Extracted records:
-------------------------
lemma wins_not_loses: "wins C R E u \<Longrightarrow> \<not> loses C R E u"
  and "loses C R E u \<Longrightarrow> \<not> wins C R E u"
proof (induction rule: wins_loses.inducts)
  case (win_now E u v p)
  then show ?case by (auto elim: loses.cases)
next
  case (win_later E u v p)
  then show ?case by (auto elim: loses.cases)
next
  case (lose E u)
  then show ?case by (auto elim: wins.cases)
qed

lemma decides_wins_iff: "decides P C R E u \<Longrightarrow> wins C R E u \<longleftrightarrow> P"
  unfolding decides_def by (metis wins_not_loses)

locale reduction =
  fixes n m :: nat and l :: "nat \<Rightarrow> nat \<Rightarrow> nat \<times> bool"
  assumes n_ge_2: "2 \<le> n" and n_even: "even n" and m_pos: "1 \<le> m"
    and lit_range: "\<forall>i\<in>{1..m}. \<forall>j\<in>{1..3}. fst (l i j) \<in> {1..n}"
begin

abbreviation "E0 \<equiv> red_edges n m"
abbreviation "CC \<equiv> red_C n m"
abbreviation "RR \<equiv> red_R m l"

lemma in_C [simp]: "VG i \<in> CC \<longleftrightarrow> i < n" "VZ i \<in> CC \<longleftrightarrow> 1 \<le> i \<and> i \<le> m"
  "VA i \<notin> CC" "VB i \<notin> CC" "VC i \<notin> CC" "VD i \<notin> CC" "VE i \<notin> CC" "VF i \<notin> CC"
  "VX i \<notin> CC" "VY i \<notin> CC" "VW i j \<notin> CC"
  by (auto simp: red_C_def)

lemma not_pointing [simp]: "VG i \<notin> pointing RR E" "VZ i \<notin> pointing RR E"
  "VA i \<notin> pointing RR E" "VB i \<notin> pointing RR E" "VC i \<notin> pointing RR E" "VD i \<notin> pointing RR E"
  "VE i \<notin> pointing RR E" "VF i \<notin> pointing RR E" "VX i \<notin> pointing RR E" "VY i \<notin> pointing RR E"
  by (auto simp: pointing_def red_R_def)

lemma pointing_W: "VW i t \<in> pointing RR E \<longleftrightarrow> 1 \<le> i \<and> i \<le> m \<and> 1 \<le> t \<and> t \<le> 3 \<and>
   (if snd (l i t) then (VB (fst (l i t)), VE (fst (l i t))) \<in> E
    else (VC (fst (l i t)), VF (fst (l i t))) \<in> E)"
  by (cases "l i t") (auto simp: pointing_def red_R_def)

lemma successors:
  assumes "E \<subseteq> E0"
  shows
  "(VG k, s) \<in> E \<Longrightarrow> (k < n \<and> s = VA (Suc k)) \<or> (k = n \<and> s = VX 1)"
  "(VA i, s) \<in> E \<Longrightarrow> s = VB i \<or> s = VC i"
  "(VB i, s) \<in> E \<Longrightarrow> s = VE i"
  "(VC i, s) \<in> E \<Longrightarrow> s = VF i"
  "(VE i, s) \<in> E \<Longrightarrow> s = VD i"
  "(VF i, s) \<in> E \<Longrightarrow> s = VD i"
  "(VD i, s) \<in> E \<Longrightarrow> s = VG i"
  "(VX i, s) \<in> E \<Longrightarrow> s = VY i \<or> (s = VX (Suc i) \<and> i < m)"
  "(VY i, s) \<in> E \<Longrightarrow> s = VZ i"
  "(VZ i, s) \<in> E \<Longrightarrow> s = VW i 1"
  "(VW i t, s) \<in> E \<Longrightarrow> (t = 1 \<and> s = VW i 2) \<or> (t = 2 \<and> s = VW i 3)"
  using assms n_ge_2 by (auto simp: red_edges_def)

definition gadget_edges :: "nat \<Rightarrow> (vtx \<times> vtx) set" where
  "gadget_edges i = {(VA i, VB i), (VA i, VC i), (VB i, VE i), (VC i, VF i),
                     (VE i, VD i), (VF i, VD i), (VD i, VG i)}"

definition clause_edges :: "(vtx \<times> vtx) set" where
  "clause_edges =
     (\<Union>i\<in>{1..m}. {(VX i, VY i), (VY i, VZ i), (VZ i, VW i 1), (VW i 1, VW i 2), (VW i 2, VW i 3)}) \<union>
     {(VX i, VX (Suc i)) | i. 1 \<le> i \<and> i < m} \<union> {(VG n, VX 1)}"

text \<open>round_inv k sigma E: the edge set E when g_k is active after x_1..x_k have been
  set to sigma: later gadgets and connectors and the clause part are untouched, and in the
  gadget of each assigned x_i exactly the edge of the true literal survives.\<close>
definition round_inv :: "nat \<Rightarrow> (nat \<Rightarrow> bool) \<Rightarrow> (vtx \<times> vtx) set \<Rightarrow> bool" where
  "round_inv k \<sigma> E \<longleftrightarrow> E \<subseteq> E0 \<and> (\<forall>i. k < i \<longrightarrow> i \<le> n \<longrightarrow> gadget_edges i \<subseteq> E) \<and>
     (\<forall>i. k \<le> i \<longrightarrow> i < n \<longrightarrow> (VG i, VA (Suc i)) \<in> E) \<and> clause_edges \<subseteq> E \<and>
     (\<forall>i. 1 \<le> i \<longrightarrow> i \<le> k \<longrightarrow> ((VB i, VE i) \<in> E \<longleftrightarrow> \<sigma> i) \<and> ((VC i, VF i) \<in> E \<longleftrightarrow> \<not> \<sigma> i))"

text \<open>The walk through the gadget of x_{k+1} that sets x_{k+1} := b: it deletes the
  edge of the literal made false, so that the edge of the true literal survives.\<close>
definition gadget_path :: "nat \<Rightarrow> bool \<Rightarrow> vtx list" where
  "gadget_path k b = [VG k, VA (Suc k), if b then VC (Suc k) else VB (Suc k),
     if b then VF (Suc k) else VE (Suc k), VD (Suc k)]"

definition round_path :: "nat \<Rightarrow> bool \<Rightarrow> vtx list" where
  "round_path k b = gadget_path k b @ [VG (Suc k)]"

definition chain_path :: "nat \<Rightarrow> nat \<Rightarrow> vtx list" where
  "chain_path i j = map VX [i..<Suc j] @ [VY j, VZ j]"

lemma round_inv_initial: "round_inv 0 \<sigma> E0"
  unfolding round_inv_def gadget_edges_def clause_edges_def by (auto simp: red_edges_def)

lemma path_edges_round_path: "path_edges (round_path k b) =
  {(VG k, VA (Suc k)), (VA (Suc k), if b then VC (Suc k) else VB (Suc k)),
   (if b then VC (Suc k) else VB (Suc k), if b then VF (Suc k) else VE (Suc k)),
   (if b then VF (Suc k) else VE (Suc k), VD (Suc k)), (VD (Suc k), VG (Suc k))}"
  by (simp add: path_edges_def round_path_def gadget_path_def)

lemma round_inv_step:
  assumes "k < n" "round_inv k \<sigma> E"
  shows "round_inv (Suc k) (\<sigma>(Suc k := b)) (E - path_edges (round_path k b))"
  using assms unfolding round_inv_def path_edges_round_path
  by (auto simp: gadget_edges_def clause_edges_def le_Suc_eq)

lemma chain_moves:
  assumes "1 \<le> i" "i \<le> m" "E \<subseteq> E0" "is_move CC RR E (VX i) v p"
  shows "\<exists>j. i \<le> j \<and> j \<le> m \<and> p = chain_path i j \<and> v = VZ j"
  using assms
proof (induction "m - i" arbitrary: i p rule: less_induct)
  case less
  note succ = successors[OF less.prems(3)]
  from less.prems(4) show ?case
  proof (cases rule: move_first_step)
    case (stop s)
    then show ?thesis using succ(8)[of i s] by auto
  next
    case (pass s q)
    from succ(8) pass(3) consider "s = VY i" | "s = VX (Suc i)" "i < m" by blast
    then show ?thesis
    proof cases
      case 1
      then have "s # q = [VY i, VZ i] \<and> v = VZ i"
        using move_forced_stop[OF pass(5)] succ(9) less.prems(1,2) by auto
      then show ?thesis using pass(1) 1 less.prems(2) by (auto simp: chain_path_def)
    next
      case 2
      then have "m - Suc i < m - i" by arith
      then obtain j where j: "Suc i \<le> j" "j \<le> m" "s # q = chain_path (Suc i) j" "v = VZ j"
        using less.hyps[of "Suc i" "s # q"] pass 2 less.prems by auto
      have "p = chain_path i j"
        using pass(1) 2 j(1,3) by (simp add: chain_path_def upt_conv_Cons)
      then show ?thesis using j by auto
    qed
  qed
qed

lemma chain_move:
  assumes "1 \<le> i" "i \<le> j" "j \<le> m" "clause_edges \<subseteq> E"
  shows "is_move CC RR E (VX i) (VZ j) (chain_path i j)"
  using assms
proof (induction "j - i" arbitrary: i)
  case 0
  then show ?case by (auto simp: chain_path_def is_move_Cons clause_edges_def)
next
  case (Suc d)
  then have tail: "is_move CC RR E (VX (Suc i)) (VZ j) (chain_path (Suc i) j)" by auto
  have "i < j" using Suc.hyps by arith
  let ?rest = "map VX [Suc (Suc i)..<Suc j] @ [VY j, VZ j]"
  have rest: "chain_path (Suc i) j = VX (Suc i) # ?rest" "chain_path i j = VX i # VX (Suc i) # ?rest"
    using \<open>i < j\<close> by (simp_all add: chain_path_def upt_conv_Cons)
  have "VX i \<notin> set (chain_path (Suc i) j)" by (auto simp: chain_path_def)
  then show ?case using tail Suc.prems \<open>i < j\<close> unfolding rest
    by (auto simp: is_move_Cons clause_edges_def)
qed

lemma gadget_moves:
  assumes E: "E \<subseteq> E0" and mv: "is_move CC RR E (VA i) v p"
  obtains b q where "p = [VA i, if b then VC i else VB i, if b then VF i else VE i] @ q"
    "is_move CC RR E (VD i) v q"
proof -
  note succ = successors[OF E]
  from mv obtain s q where p: "p = VA i # s # q" "(VA i, s) \<in> E" "is_move CC RR E s v (s # q)"
  proof (cases rule: move_first_step)
    case (stop s)
    then show ?thesis using succ(2)[of i s] by auto
  qed auto
  define b where "b \<longleftrightarrow> s = VC i"
  let ?t = "if b then VF i else VE i"
  have s: "s = (if b then VC i else VB i)" using succ(2)[of i s] p(2) b_def by auto
  have "\<And>x. (s, x) \<in> E \<Longrightarrow> x = ?t" "?t \<notin> CC \<union> pointing RR E"
    using s succ(3,4) by auto
  then obtain q' where q': "s # q = s # q'" "is_move CC RR E ?t v q'"
    using move_forced_pass[OF p(3)] by blast
  have "\<And>x. (?t, x) \<in> E \<Longrightarrow> x = VD i" using succ(5,6) by (cases b) auto
  then obtain q'' where "q' = ?t # q''" "is_move CC RR E (VD i) v q''"
    using move_forced_pass[OF q'(2), of "VD i"] by auto
  then show thesis using that[of b q''] p(1) q'(1) s by simp
qed

lemma round_moves:
  assumes k: "k < n" and E: "E \<subseteq> E0" and mv: "is_move CC RR E (VG k) v p"
  obtains (inner) b where "Suc k < n" "p = round_path k b" "v = VG (Suc k)"
  | (last) b j where "Suc k = n" "1 \<le> j" "j \<le> m"
      "p = gadget_path k b @ VG n # chain_path 1 j" "v = VZ j"
proof -
  note succ = successors[OF E]
  obtain q1 where q1: "p = VG k # q1" "is_move CC RR E (VA (Suc k)) v q1"
    using move_forced_pass[OF mv, of "VA (Suc k)"] succ(1)[of k] k by auto
  obtain b q2 where q2: "q1 = [VA (Suc k), if b then VC (Suc k) else VB (Suc k),
      if b then VF (Suc k) else VE (Suc k)] @ q2" "is_move CC RR E (VD (Suc k)) v q2"
    using gadget_moves[OF E q1(2)] by blast
  show thesis
  proof (cases "Suc k < n")
    case True
    then have "q2 = [VD (Suc k), VG (Suc k)] \<and> v = VG (Suc k)"
      using move_forced_stop[OF q2(2), of "VG (Suc k)"] succ(7) by auto
    then show thesis using inner[of b] True q1(1) q2(1) by (simp add: round_path_def gadget_path_def)
  next
    case False
    then have kn: "Suc k = n" using k by simp
    obtain q3 where q3: "q2 = VD n # q3" "is_move CC RR E (VG n) v q3"
      using move_forced_pass[OF q2(2), of "VG n"] succ(7) kn by auto
    obtain q4 where q4: "q3 = VG n # q4" "is_move CC RR E (VX 1) v q4"
      using move_forced_pass[OF q3(2), of "VX 1"] succ(1)[of n] by auto
    obtain j where "1 \<le> j" "j \<le> m" "q4 = chain_path 1 j" "v = VZ j"
      using chain_moves[OF _ m_pos E q4(2)] by auto
    then show thesis
      using last[of j b] kn q1(1) q2(1) q3(1) q4(1) by (simp add: gadget_path_def)
  qed
qed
-------------------------
▶ **Brief**
Please extract exactly, and only, the lines from the line containing "using last[of j" through the last line of the records.

▶ **Response to the exercise**
      using last[of j b] kn q1(1) q2(1) q3(1) q4(1) by (simp add: gadget_path_def)
  qed
qed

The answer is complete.